• _ACTIVITY_:
Go to the line in the entries below that holds "Prim Zero (Proj" and repeat exactly from there through the line that holds "Prim Zero (Comp", inclusive.

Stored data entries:
┌────────
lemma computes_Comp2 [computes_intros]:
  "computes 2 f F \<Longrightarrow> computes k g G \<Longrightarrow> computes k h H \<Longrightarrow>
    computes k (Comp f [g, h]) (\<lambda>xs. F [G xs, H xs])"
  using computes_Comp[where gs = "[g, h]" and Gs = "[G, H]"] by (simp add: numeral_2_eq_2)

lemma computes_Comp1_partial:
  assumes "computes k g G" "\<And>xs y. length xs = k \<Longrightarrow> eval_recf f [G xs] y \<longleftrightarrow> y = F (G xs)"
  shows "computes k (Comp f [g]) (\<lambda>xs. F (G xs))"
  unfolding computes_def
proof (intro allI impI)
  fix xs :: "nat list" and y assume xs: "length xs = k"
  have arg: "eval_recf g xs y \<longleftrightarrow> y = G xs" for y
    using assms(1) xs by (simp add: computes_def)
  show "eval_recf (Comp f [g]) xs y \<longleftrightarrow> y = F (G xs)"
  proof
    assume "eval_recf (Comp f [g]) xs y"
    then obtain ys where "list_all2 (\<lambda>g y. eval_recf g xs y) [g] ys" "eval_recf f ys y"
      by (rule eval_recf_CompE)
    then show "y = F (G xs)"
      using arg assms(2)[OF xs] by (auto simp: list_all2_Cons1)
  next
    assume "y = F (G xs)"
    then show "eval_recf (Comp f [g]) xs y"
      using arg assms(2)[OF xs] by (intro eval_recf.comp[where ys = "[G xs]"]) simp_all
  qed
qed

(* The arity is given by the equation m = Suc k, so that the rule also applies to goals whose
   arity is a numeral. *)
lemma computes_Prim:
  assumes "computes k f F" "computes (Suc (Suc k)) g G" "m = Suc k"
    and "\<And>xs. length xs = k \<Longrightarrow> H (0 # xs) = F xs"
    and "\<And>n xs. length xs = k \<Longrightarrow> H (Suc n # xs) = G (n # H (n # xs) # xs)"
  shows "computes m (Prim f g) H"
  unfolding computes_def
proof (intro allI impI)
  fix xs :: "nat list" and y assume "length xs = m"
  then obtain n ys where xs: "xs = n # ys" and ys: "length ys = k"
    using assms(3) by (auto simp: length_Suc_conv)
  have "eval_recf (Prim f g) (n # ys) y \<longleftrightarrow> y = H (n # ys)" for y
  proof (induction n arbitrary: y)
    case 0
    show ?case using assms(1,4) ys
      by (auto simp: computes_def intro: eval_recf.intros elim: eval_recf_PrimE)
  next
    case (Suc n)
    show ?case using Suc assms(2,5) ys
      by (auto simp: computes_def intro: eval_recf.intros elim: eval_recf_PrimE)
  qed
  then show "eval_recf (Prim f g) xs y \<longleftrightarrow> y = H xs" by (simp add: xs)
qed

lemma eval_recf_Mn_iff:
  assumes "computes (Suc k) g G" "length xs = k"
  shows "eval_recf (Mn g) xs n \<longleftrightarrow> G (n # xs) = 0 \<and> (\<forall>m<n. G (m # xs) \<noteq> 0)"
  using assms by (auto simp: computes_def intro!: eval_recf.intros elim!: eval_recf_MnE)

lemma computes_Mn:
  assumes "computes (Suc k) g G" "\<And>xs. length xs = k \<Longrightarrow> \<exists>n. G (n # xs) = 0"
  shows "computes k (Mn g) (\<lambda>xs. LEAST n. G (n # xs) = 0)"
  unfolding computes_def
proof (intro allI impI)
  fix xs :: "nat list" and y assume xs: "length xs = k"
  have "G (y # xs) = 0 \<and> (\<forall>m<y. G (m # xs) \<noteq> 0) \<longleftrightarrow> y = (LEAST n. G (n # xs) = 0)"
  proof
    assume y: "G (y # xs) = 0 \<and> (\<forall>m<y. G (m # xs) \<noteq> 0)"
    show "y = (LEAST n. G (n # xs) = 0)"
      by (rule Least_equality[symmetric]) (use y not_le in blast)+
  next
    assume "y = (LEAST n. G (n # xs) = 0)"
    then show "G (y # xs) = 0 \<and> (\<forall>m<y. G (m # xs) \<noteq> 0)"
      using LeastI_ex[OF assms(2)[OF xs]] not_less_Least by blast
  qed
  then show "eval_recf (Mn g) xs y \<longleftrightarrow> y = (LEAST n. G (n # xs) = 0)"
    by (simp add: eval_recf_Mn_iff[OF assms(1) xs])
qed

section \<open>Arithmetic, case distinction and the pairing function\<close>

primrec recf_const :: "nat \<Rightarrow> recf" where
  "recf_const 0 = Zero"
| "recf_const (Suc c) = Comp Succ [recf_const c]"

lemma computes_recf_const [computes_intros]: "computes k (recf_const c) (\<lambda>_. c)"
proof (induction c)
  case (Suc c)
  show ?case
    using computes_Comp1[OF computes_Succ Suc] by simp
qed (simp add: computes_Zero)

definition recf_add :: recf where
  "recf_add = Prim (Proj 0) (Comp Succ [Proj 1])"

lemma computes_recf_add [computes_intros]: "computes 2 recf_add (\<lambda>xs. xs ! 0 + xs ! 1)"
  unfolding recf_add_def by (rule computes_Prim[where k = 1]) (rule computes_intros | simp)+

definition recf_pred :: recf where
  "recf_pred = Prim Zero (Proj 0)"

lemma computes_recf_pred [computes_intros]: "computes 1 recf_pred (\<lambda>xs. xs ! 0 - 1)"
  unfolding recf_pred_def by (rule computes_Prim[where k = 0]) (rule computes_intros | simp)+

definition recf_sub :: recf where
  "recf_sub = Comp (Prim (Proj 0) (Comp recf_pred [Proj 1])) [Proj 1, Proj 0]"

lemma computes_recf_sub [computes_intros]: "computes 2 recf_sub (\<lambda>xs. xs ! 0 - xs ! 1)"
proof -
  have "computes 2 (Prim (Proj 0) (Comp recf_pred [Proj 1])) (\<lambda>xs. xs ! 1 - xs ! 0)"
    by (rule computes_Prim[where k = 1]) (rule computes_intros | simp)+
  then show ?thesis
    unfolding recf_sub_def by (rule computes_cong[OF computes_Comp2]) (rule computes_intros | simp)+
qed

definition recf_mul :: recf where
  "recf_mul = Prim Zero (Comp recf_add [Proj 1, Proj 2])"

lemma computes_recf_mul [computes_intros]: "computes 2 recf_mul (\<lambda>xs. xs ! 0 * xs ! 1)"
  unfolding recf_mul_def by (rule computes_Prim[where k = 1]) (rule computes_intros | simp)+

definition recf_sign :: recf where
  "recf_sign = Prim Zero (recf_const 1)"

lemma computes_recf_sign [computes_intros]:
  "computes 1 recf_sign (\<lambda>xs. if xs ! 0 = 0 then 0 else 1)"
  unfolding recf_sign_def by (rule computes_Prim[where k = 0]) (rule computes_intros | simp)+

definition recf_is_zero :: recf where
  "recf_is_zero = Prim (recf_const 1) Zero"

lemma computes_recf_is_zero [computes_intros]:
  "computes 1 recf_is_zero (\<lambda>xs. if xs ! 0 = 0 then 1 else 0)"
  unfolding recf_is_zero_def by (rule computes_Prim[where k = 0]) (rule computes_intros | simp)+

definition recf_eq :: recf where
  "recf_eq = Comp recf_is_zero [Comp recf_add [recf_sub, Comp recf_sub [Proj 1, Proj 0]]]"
└────────
• _SOLVED EXERCISE_:
  "recf_pred = Prim Zero (Proj 0)"

lemma computes_recf_pred [computes_intros]: "computes 1 recf_pred (\<lambda>xs. xs ! 0 - 1)"
  unfolding recf_pred_def by (rule computes_Prim[where k = 0]) (rule computes_intros | simp)+

definition recf_sub :: recf where
  "recf_sub = Comp (Prim (Proj 0) (Comp recf_pred [Proj 1])) [Proj 1, Proj 0]"

lemma computes_recf_sub [computes_intros]: "computes 2 recf_sub (\<lambda>xs. xs ! 0 - xs ! 1)"
proof -
  have "computes 2 (Prim (Proj 0) (Comp recf_pred [Proj 1])) (\<lambda>xs. xs ! 1 - xs ! 0)"
    by (rule computes_Prim[where k = 1]) (rule computes_intros | simp)+
  then show ?thesis
    unfolding recf_sub_def by (rule computes_cong[OF computes_Comp2]) (rule computes_intros | simp)+
qed

definition recf_mul :: recf where
  "recf_mul = Prim Zero (Comp recf_add [Proj 1, Proj 2])"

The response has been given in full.